• WHAT YOU SHOULD DO: In the entries that follow, which lines hold the string "impI"? List them.

++++

definition selectively_pseudocompact :: "'a set set \<Rightarrow> 'a topology \<Rightarrow> bool" where
  "selectively_pseudocompact \<A> X \<longleftrightarrow>
     (\<forall>U :: nat \<Rightarrow> 'a set.
        (\<forall>n. openin X (U n) \<and> U n \<noteq> {}) \<and> (\<forall>m n. m \<noteq> n \<longrightarrow> U m \<inter> U n = {}) \<longrightarrow>
        (\<exists>A :: nat \<Rightarrow> 'a set. (\<forall>n. A n \<in> \<A> \<and> A n \<subseteq> U n) \<and>
            (\<exists>x. accumulation_point_of_family X x A)))"

end

theory Submission
  imports Defs
begin

(* Both selection principles can be tested inside D: shrinking each U n to U n \<inter> D keeps the
   sequence admissible, and an accumulation point of sets A n is one of any sets B n with
   A n contained in the closure of B n.  A discrete subset of D is nowhere dense, since its
   points are not isolated in X while D is T1.  Conversely, a nowhere dense set A inside an
   open V \<subseteq> D lies in the closure of a discrete B \<subseteq> V: with rho the distance to A, take
   in V minus the closure of A a maximal set whose distinct points satisfy
   min (rho b) (rho b') \<le> 2 d(b, b').  Such a set is discrete, and by maximality it comes
   within rho y / 2 of every point y, so it accumulates at every point of A. *)

lemma accumulation_point_of_family_closure_mono:
  assumes "accumulation_point_of_family X x A" and "\<And>n. A n \<subseteq> X closure_of B n"
  shows "accumulation_point_of_family X x B"
  unfolding accumulation_point_of_family_def
proof (intro conjI allI impI)
  show "x \<in> topspace X"
    using assms(1) by (simp add: accumulation_point_of_family_def)
  fix V assume V: "openin X V \<and> x \<in> V"
  have "V \<inter> B n \<noteq> {}" if "V \<inter> A n \<noteq> {}" for n
    using that V assms(2)[of n] openin_Int_closure_of_eq_empty[of X V "B n"] by blast
  then have "{n. V \<inter> A n \<noteq> {}} \<subseteq> {n. V \<inter> B n \<noteq> {}}"
    by blast
  moreover have "infinite {n. V \<inter> A n \<noteq> {}}"
    using assms(1) V by (simp add: accumulation_point_of_family_def)
  ultimately show "infinite {n. V \<inter> B n \<noteq> {}}"
    using infinite_super by blast
qed

lemma selectively_pseudocompact_refine:
  assumes D: "openin X D" "X closure_of D = topspace X"
    and sp: "selectively_pseudocompact \<A> X"
    and refine: "\<And>A V. \<lbrakk>A \<in> \<A>; openin X V; V \<subseteq> D; A \<subseteq> V\<rbrakk>
                   \<Longrightarrow> \<exists>B\<in>\<B>. B \<subseteq> V \<and> A \<subseteq> X closure_of B"
  shows "selectively_pseudocompact \<B> X"
  unfolding selectively_pseudocompact_def
proof (intro allI impI)
  fix U :: "nat \<Rightarrow> 'a set"
  assume U: "(\<forall>n. openin X (U n) \<and> U n \<noteq> {}) \<and> (\<forall>m n. m \<noteq> n \<longrightarrow> U m \<inter> U n = {})"
  have open_UD: "openin X (U n \<inter> D)" for n
    using U D(1) by blast
  moreover have "U n \<inter> D \<noteq> {}" for n
    using U D(2)[unfolded dense_intersects_open, rule_format, of "U n"] by blast
  moreover have "\<forall>m n. m \<noteq> n \<longrightarrow> (U m \<inter> D) \<inter> (U n \<inter> D) = {}"
    using U by blast
  ultimately obtain A x where A: "\<And>n. A n \<in> \<A> \<and> A n \<subseteq> U n \<inter> D"
    and x: "accumulation_point_of_family X x A"
    using sp[unfolded selectively_pseudocompact_def, rule_format, of "\<lambda>n. U n \<inter> D"] by blast
  have "\<exists>B\<in>\<B>. B \<subseteq> U n \<inter> D \<and> A n \<subseteq> X closure_of B" for n
    using refine[of "A n" "U n \<inter> D"] A open_UD by blast
  then obtain B where B: "\<And>n. B n \<in> \<B> \<and> B n \<subseteq> U n \<inter> D \<and> A n \<subseteq> X closure_of B n"
    by metis
  then have "accumulation_point_of_family X x B"
    using accumulation_point_of_family_closure_mono[OF x] by blast
  then show "\<exists>B. (\<forall>n. B n \<in> \<B> \<and> B n \<subseteq> U n) \<and> (\<exists>x. accumulation_point_of_family X x B)"
    using B by blast
qed

lemma Disc_imp_Nwd:
  assumes crowded: "crowded X" and D: "openin X D" "t1_space (subtopology X D)"
    and A: "A \<in> Disc X" "A \<subseteq> D"
  shows "A \<in> Nwd X"
proof -
  let ?W = "X interior_of (X closure_of A)"
  have meets_A: "V \<inter> A \<noteq> {}" if "openin X V" "V \<noteq> {}" "V \<subseteq> X closure_of A" for V
    using that openin_Int_closure_of_eq_empty[of X V A] by blast
  have "?W = {}"
  proof (rule ccontr)
    assume "?W \<noteq> {}"
    then obtain a where a: "a \<in> A" "a \<in> ?W"
      using meets_A[of ?W] interior_of_subset[of X "X closure_of A"] by auto
    have "openin (subtopology X A) {a}"
      using A(1) a(1) by (simp add: Disc_def)
    then obtain T where T: "openin X T" "T \<inter> A = {a}"
      unfolding openin_subtopology by auto
    let ?O = "?W \<inter> D \<inter> T"
    have O: "openin X ?O" "a \<in> ?O"
      using D(1) T a A(2) by (auto intro!: openin_Int)
    have "openin (subtopology X D) ?O"
      using O(1) by (auto simp: openin_open_subtopology[OF D(1)])
    then have "openin (subtopology X D) (?O - {a})"
      using D(2) unfolding t1_space_openin_delete_alt by blast
    then have "openin X (?O - {a})"
      by (simp add: openin_open_subtopology[OF D(1)])
    moreover have "?O - {a} \<noteq> {}"
    proof
      assume "?O - {a} = {}"
      then have "openin X {a}"
        using O by (metis Diff_eq_empty_iff insert_absorb subset_singletonD)
      then show False
        using crowded openin_subset by (fastforce simp: crowded_def)
    qed
    moreover have "?O - {a} \<subseteq> X closure_of A"
      using interior_of_subset[of X "X closure_of A"] by blast
    ultimately obtain a' where "a' \<in> ?O - {a}" "a' \<in> A"
      using meets_A by blast
    then show False
      using T(2) by blast
  qed
  then show ?thesis
    using A(1) by (simp add: Disc_def Nwd_def)
qed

++++

• EXERCISE RESULT:
proof (intro conjI allI impI)
proof (intro allI impI)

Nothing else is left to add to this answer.